* **EXERCISE PROMPT**: Go through the data and copy each line where the string "forall" appears.

* **SUPPLIED DATA**:

(* Let $G=(V,E)$ be a simple undirected graph and let $E'\subseteq E^c$ be such that $G+E'$ is not chordal and $G+(E'\setminus\{f\})$ is chordal for every $f\in E'$. If $ax\ge b$ is facet-defining for $\textnormal{conv}(X(G+E'))$ with $a\ge 0$, and $a'\in\mathbb{R}^{E^c}$ is given by $a'_f=a_f$ if $f\in E^c\setminus E'$ and $a'_f=0$ otherwise, then the inequality $$a'x\ \ge\ b\Big(\sum_{f\in E'}x_f-|E'|+1\Big)$$ is facet-defining for $\textnormal{conv}(X(G))$.
   Context: For a graph $H=(V_H,E_H)$, $E^c(H)=\binom{V_H}{2}\setminus E_H$ (here $E^c=E^c(G)$, and $E^c(G+E')=E^c\setminus E'$); $H+F=(V_H,E_H\cup F)$. For $x\in\{0,1\}^{E^c(H)}$, $E(x)=\{f:x_f=1\}$ and $X(H)=\{x\in\{0,1\}^{E^c(H)}:(V_H,E_H\cup E(x))\text{ is chordal}\}$; a graph is chordal if every cycle with at least four vertices has a chord. *)

theory Defs
  imports "HOL-Analysis.Analysis"
begin

text \<open>Graphs: a finite vertex set V of a finite type 'a, edges are 2-element subsets.
  0/1 vectors over the non-edges are embedded into real^('a set), with all
  coordinates outside the non-edge set fixed to 0 (this changes neither convex
  hulls, affine dimensions, nor faces).\<close>

definition all_pairs :: "'a set \<Rightarrow> 'a set set" where
  "all_pairs V = {{u, v} | u v. u \<in> V \<and> v \<in> V \<and> u \<noteq> v}"

definition simple_graph :: "'a set \<Rightarrow> 'a set set \<Rightarrow> bool" where
  "simple_graph V E \<longleftrightarrow> E \<subseteq> all_pairs V"

definition nonedges :: "'a set \<Rightarrow> 'a set set \<Rightarrow> 'a set set" where
  "nonedges V E = all_pairs V - E"

definition chordal :: "'a set \<Rightarrow> 'a set set \<Rightarrow> bool" where
  "chordal V E \<longleftrightarrow>
     (\<forall>cs. distinct cs \<and> length cs \<ge> 4 \<and> set cs \<subseteq> V \<and>
        (\<forall>i < length cs. {cs ! i, cs ! ((i + 1) mod length cs)} \<in> E)
      \<longrightarrow> (\<exists>i < length cs. \<exists>j < length cs. i \<noteq> j \<and>
             j \<noteq> (i + 1) mod length cs \<and> i \<noteq> (j + 1) mod length cs \<and>
             {cs ! i, cs ! j} \<in> E))"

definition chordal_completions :: "'a set \<Rightarrow> 'a set set \<Rightarrow> (real ^ ('a::finite set)) set" where
  "chordal_completions V E =
     {x. (\<forall>f \<in> nonedges V E. x $ f = 0 \<or> x $ f = 1) \<and>
         (\<forall>f. f \<notin> nonedges V E \<longrightarrow> x $ f = 0) \<and>
         chordal V (E \<union> {f \<in> nonedges V E. x $ f = 1})}"

definition facet_defining :: "('n::euclidean_space) set \<Rightarrow> ('n \<Rightarrow> real) \<Rightarrow> ('n \<Rightarrow> real) \<Rightarrow> bool" where
  "facet_defining P g h \<longleftrightarrow>
     (\<forall>x \<in> P. g x \<ge> h x) \<and> {x \<in> P. g x = h x} facet_of P"

end

theory Submission
  imports Defs
begin

text \<open>
  Write 1_S for the characteristic vector of S. Translation by 1_E' maps X(G+E') into X(G),
  and the points of X(G) that are 1 on all of E' are exactly these translates; on them the
  lifted inequality reads ax \<ge> b. At every other point of X(G) its right-hand side is at
  most 0 \<le> ax, since a \<ge> 0 and hence b \<ge> 0.

  For the dimension count, the complete graph and the complete graph minus one edge are
  chordal, so the affine hull of X(H) contains every vector supported on the non-edges of H.
  Hence the translated facet of conv X(G+E'), together with one translated point off it,
  affinely spans 1_E' plus all vectors supported on the non-edges outside E'. The remaining
  directions come from the points 1_(E' - {f}), f \<in> E', which lie in X(G) by minimality
  of E' and satisfy the lifted inequality with equality.
\<close>

definition charvec :: "'b set \<Rightarrow> real ^ ('b::finite)" where
  "charvec S = (\<chi> i. if i \<in> S then 1 else 0)"

lemma charvec_nth [simp]: "charvec S $ i = (if i \<in> S then 1 else 0)"
  by (simp add: charvec_def)

lemma inner_charvec: "charvec S \<bullet> x = (\<Sum>i\<in>S. x $ i)"
proof -
  have "charvec S \<bullet> x = (\<Sum>i\<in>UNIV. if i \<in> S then x $ i else 0)"
    unfolding inner_vec_def by (rule sum.cong) auto
  also have "\<dots> = (\<Sum>i\<in>S. x $ i)"
    by (simp add: sum.If_cases)
  finally show ?thesis .
qed

definition supported_on :: "'b set \<Rightarrow> (real ^ ('b::finite)) set" where
  "supported_on S = {v. \<forall>i. i \<notin> S \<longrightarrow> v $ i = 0}"

lemma subspace_supported_on: "subspace (supported_on S)"
  by (auto simp: subspace_def supported_on_def)

lemma affine_add_sum_mem:
  fixes H :: "'v::real_vector set"
  assumes "affine H" "p \<in> H" "finite I" "\<And>i. i \<in> I \<Longrightarrow> p + d i \<in> H"
  shows "p + (\<Sum>i\<in>I. c i *\<^sub>R d i) \<in> H"
proof -
  let ?S = "(\<lambda>x. - p + x) ` H"
  have S: "subspace ?S"
    using affine_diffs_subspace[OF assms(1,2)] .
  have "d i \<in> ?S" if "i \<in> I" for i
    using assms(4)[OF that] by (auto intro!: image_eqI[where x = "p + d i"])
  then have "(\<Sum>i\<in>I. c i *\<^sub>R d i) \<in> ?S"
    by (intro subspace_sum[OF S] subspace_scale[OF S]) auto
  then show ?thesis
    by auto
qed

lemma affine_add_supported_mem:
  fixes H :: "(real ^ 'n::finite) set"
  assumes "affine H" "p \<in> H" and coord: "\<And>i. i \<in> S \<Longrightarrow> \<exists>c. c \<noteq> 0 \<and> p + c *\<^sub>R charvec {i} \<in> H"
    and v: "v \<in> supported_on S"
  shows "p + v \<in> H"
proof -
  obtain c where c: "\<And>i. i \<in> S \<Longrightarrow> c i \<noteq> 0 \<and> p + c i *\<^sub>R charvec {i} \<in> H"
    using coord by metis
  have "p + (\<Sum>i\<in>S. (v $ i / c i) *\<^sub>R (c i *\<^sub>R charvec {i})) \<in> H"
    using c by (intro affine_add_sum_mem[OF assms(1,2)]) auto
  moreover have "(\<Sum>i\<in>S. (v $ i / c i) *\<^sub>R (c i *\<^sub>R charvec {i})) = v"
    unfolding vec_eq_iff
  proof
    fix j
    have "(\<Sum>i\<in>S. (v $ i / c i) *\<^sub>R (c i *\<^sub>R charvec {i})) $ j
          = (\<Sum>i\<in>S. v $ i / c i * (c i * (if j = i then 1 else 0)))"
      by (simp only: sum_component vector_scaleR_component charvec_nth singleton_iff real_scaleR_def)
    also have "\<dots> = (\<Sum>i\<in>S. if j = i then v $ i else 0)"
      by (rule sum.cong) (use c in auto)
    also have "\<dots> = v $ j"
      using v by (simp add: supported_on_def)
    finally show "(\<Sum>i\<in>S. (v $ i / c i) *\<^sub>R (c i *\<^sub>R charvec {i})) $ j = v $ j" .
  qed
  ultimately show ?thesis
    by simp
qed

lemma affine_hull_insert_facet:
  fixes Q :: "'n::euclidean_space set"
  assumes "convex Q" "F facet_of Q" "q \<in> Q" "q \<notin> F"
  shows "affine hull (insert q F) = affine hull Q"
proof (rule affine_dim_equal)
  have "q \<notin> affine hull F"
    using assms face_of_imp_eq_affine_Int[of Q F] by (auto simp: facet_of_def)
  then show "aff_dim (affine hull (insert q F)) = aff_dim (affine hull Q)"
    using assms(2) by (simp add: aff_dim_insert facet_of_def)
  show "affine hull (insert q F) \<subseteq> affine hull Q"
    using assms(2,3) by (intro hull_mono) (auto dest: facet_of_imp_subset)
qed auto

lemma facet_of_affine_hull_insert:
  fixes P :: "'n::euclidean_space set"
  assumes "convex P" "F face_of P" "F \<noteq> {}" "q \<in> P" "q \<notin> F"
    and "P \<subseteq> affine hull (insert q F)"
  shows "F facet_of P"
proof -
  have "aff_dim P \<le> aff_dim (insert q F)"
    using aff_dim_subset[OF assms(6)] by simp
  also have "\<dots> \<le> aff_dim F + 1"
    by (simp add: aff_dim_insert)
  finally have "aff_dim P \<le> aff_dim F + 1" .
  moreover have "aff_dim F < aff_dim P"
    using assms by (intro face_of_aff_dim_lt) auto
  ultimately show ?thesis
    using assms(2,3) by (simp add: facet_of_def)
qed

lemma chordal_if_all_pairs_but_one:
  assumes "all_pairs V - {e} \<subseteq> F"
  shows "chordal V F"
  unfolding chordal_def
proof (intro allI impI)
  fix cs :: "'a list"
  let ?n = "length cs"
  assume cs: "distinct cs \<and> 4 \<le> ?n \<and> set cs \<subseteq> V \<and>
    (\<forall>i<?n. {cs ! i, cs ! ((i + 1) mod ?n)} \<in> F)"
  have pair: "{cs ! i, cs ! j} \<in> all_pairs V" if "i < ?n" "j < ?n" "i \<noteq> j" for i j
  proof -
    have "cs ! i \<noteq> cs ! j"
      using cs that by (simp add: nth_eq_iff_index_eq)
    then show ?thesis
      using cs nth_mem[OF that(1)] nth_mem[OF that(2)] unfolding all_pairs_def by blast
  qed
  have "{cs ! 0, cs ! 2} \<noteq> {cs ! 1, cs ! 3}"
    using cs by (auto simp: doubleton_eq_iff nth_eq_iff_index_eq)
  then obtain i where i: "i \<in> {0, 1}" "{cs ! i, cs ! (i + 2)} \<noteq> e"
  proof (cases "{cs ! 0, cs ! 2} = e")
    case True
    then show ?thesis
      using that[of 1] \<open>{cs ! 0, cs ! 2} \<noteq> {cs ! 1, cs ! 3}\<close> by (simp add: numeral_3_eq_3)
  next
    case False
    then show ?thesis
      using that[of 0] by (simp add: numeral_2_eq_2)
  qed
  then have "{cs ! i, cs ! (i + 2)} \<in> F"
    using assms pair[of i "i + 2"] cs by auto
  moreover have "i + 2 < ?n" "i + 2 \<noteq> (i + 1) mod ?n"
    using i(1) cs by auto
  moreover have "i \<noteq> (i + 2 + 1) mod ?n"
    using i(1) cs by (cases "?n = 4") auto
  ultimately show "\<exists>i<?n. \<exists>j<?n. i \<noteq> j \<and> j \<noteq> (i + 1) mod ?n \<and>
      i \<noteq> (j + 1) mod ?n \<and> {cs ! i, cs ! j} \<in> F"
    by (intro exI[of _ i] exI[of _ "i + 2"]) auto
qed

lemma nonedges_Un: "nonedges V (E \<union> E') = nonedges V E - E'"
  by (auto simp: nonedges_def)

lemma chordal_completions_supported: "chordal_completions V E \<subseteq> supported_on (nonedges V E)"
  by (auto simp: chordal_completions_def supported_on_def)

lemma chordal_completions_nth: "x \<in> chordal_completions V E \<Longrightarrow> x $ f \<in> {0, 1}"
  by (cases "f \<in> nonedges V E") (auto simp: chordal_completions_def)

lemma charvec_mem_chordal_completions:
  assumes "S \<subseteq> nonedges V E" "chordal V (E \<union> S)"
  shows "charvec S \<in> chordal_completions V E"
proof -
  have "{f \<in> nonedges V E. charvec S $ f = 1} = S"
    using assms(1) by auto
  then show ?thesis
    using assms by (auto simp: chordal_completions_def)
qed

* **ANSWER TO THE PROBLEM**:
     (\<forall>cs. distinct cs \<and> length cs \<ge> 4 \<and> set cs \<subseteq> V \<and>
        (\<forall>i < length cs. {cs ! i, cs ! ((i + 1) mod length cs)} \<in> E)
     {x. (\<forall>f \<in> nonedges V E. x $ f = 0 \<or> x $ f = 1) \<and>
         (\<forall>f. f \<notin> nonedges V E \<longrightarrow> x $ f = 0) \<and>
     (\<forall>x \<in> P. g x \<ge> h x) \<and> {x \<in> P. g x = h x} facet_of P"
  "supported_on S = {v. \<forall>i. i \<notin> S \<longrightarrow> v $ i = 0}"
    (\<forall>i<?n. {cs ! i, cs ! ((i + 1) mod ?n)} \<in> F)"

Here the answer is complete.